Criterion has also assembled an hour's worth of substantial new interviews. Actress Sandra Milo, who played Anselmi's mistress Carla in 8 1/2, discusses the making of the film as well as her 17-year, personal relationship with Federico Fellini as his mistress. Her anecdotes and memories are entertaining and quite moving—Milo has an innocent quality, even in her maturity, that allows her feelings to reach the surface without artifice or embarrassment, and her erstwhile love for the man (as well as the artist) is palpable. Director Lina Wertmuller, who worked as an assistant on 8 1/2, discusses Fellini's working style, his internal approach and his psychology as evidenced by his work; his influence on Wertmuller's own work is evidenced by stills from her movies. Finally, cinematographer Vittorio Storaro discusses the technology and artistry of filmmaking, focusing on the contribution of cinematographer Gianni di Venanzo to Fellini's unique visual style.

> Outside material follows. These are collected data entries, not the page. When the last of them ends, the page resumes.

text \<open>Off the support of N both sides vanish, so the copula representation is needed only for
  k up to sup A_N.\<close>
lemma measure_N_eq_X_le_order2_mixture:
  assumes w0: "w 0 0 + w 0 1 = 1/2" "w 1 0 + w 1 1 = 1/2"
    and mix: "\<And>k. 1 \<le> k \<Longrightarrow> (\<exists>m\<in>support_N M N. k \<le> m) \<Longrightarrow> joint_cdf_order2_mixture M N X w k"
  shows "measure M {\<omega> \<in> space M. N \<omega> = n \<and> (\<forall>j\<in>{1..n}. X j \<omega> \<le> x j)}
    = (\<Sum>a\<in>{0, 1}. \<Sum>b\<in>{0, 1}. w a b * measure (order2_law a (distr M (count_space UNIV) N)) {n}
         * (\<Prod>j\<in>{1..n}. measure (order2_law b (distr M borel (X 1))) {..x j}))"
proof (cases "measure M {\<omega> \<in> space M. N \<omega> = n} = 0")
  case True
  then show ?thesis
    using measure_N_eq_X_le_null[OF True] by simp
next
  case False
  then have "n \<in> support_N M N"
    by (simp add: support_N_def zero_less_measure_iff)
  then have "joint_cdf_order2_mixture M N X w n"
    using joint_cdf_order2_mixture_0[OF w0] mix[of n] by (cases n) auto
  then show ?thesis
    by (rule measure_N_eq_X_le)
qed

Two stills collections provide some worthwhile visual material on the making of 8 1/2. A collection of "rare, never-before-seen" photographs by Gideon Bachmann provides a few candid glimpses of the process behind the scenes. An extensive stills gallery (photographed by Paul Ronald and Tazio Secchiaroli) features publicity stills, frame blow-ups, on-set shots and a number of images from the film's original ending (now, unfortunately, lost to the ages). Both galleries include historical notes on many of the images, which are a great help in understanding their significance.

The keepcase also contains a 22-page booklet, which includes a DVD chapter list, a cast list, film and DVD production credits, 5 pages of material from Fellini himself on the creative genesis of the film, notes on the Criterion transfer, and two more 3-page essays by Fellini scholars Tullio Kezich and Alexander Sesonske. It's a small but readable package that compliments the on-disc supplements nicely.

Extras Grade: A
 

Final Comments

8 1/2 remains Fellini's masterpiece, a seemingly effortless combination of substance and surrealism that grows more meaningful with every viewing. The DVD delivers an excellent transfer and substantial supplements in the long standing Criterion tradition. Highly recommended.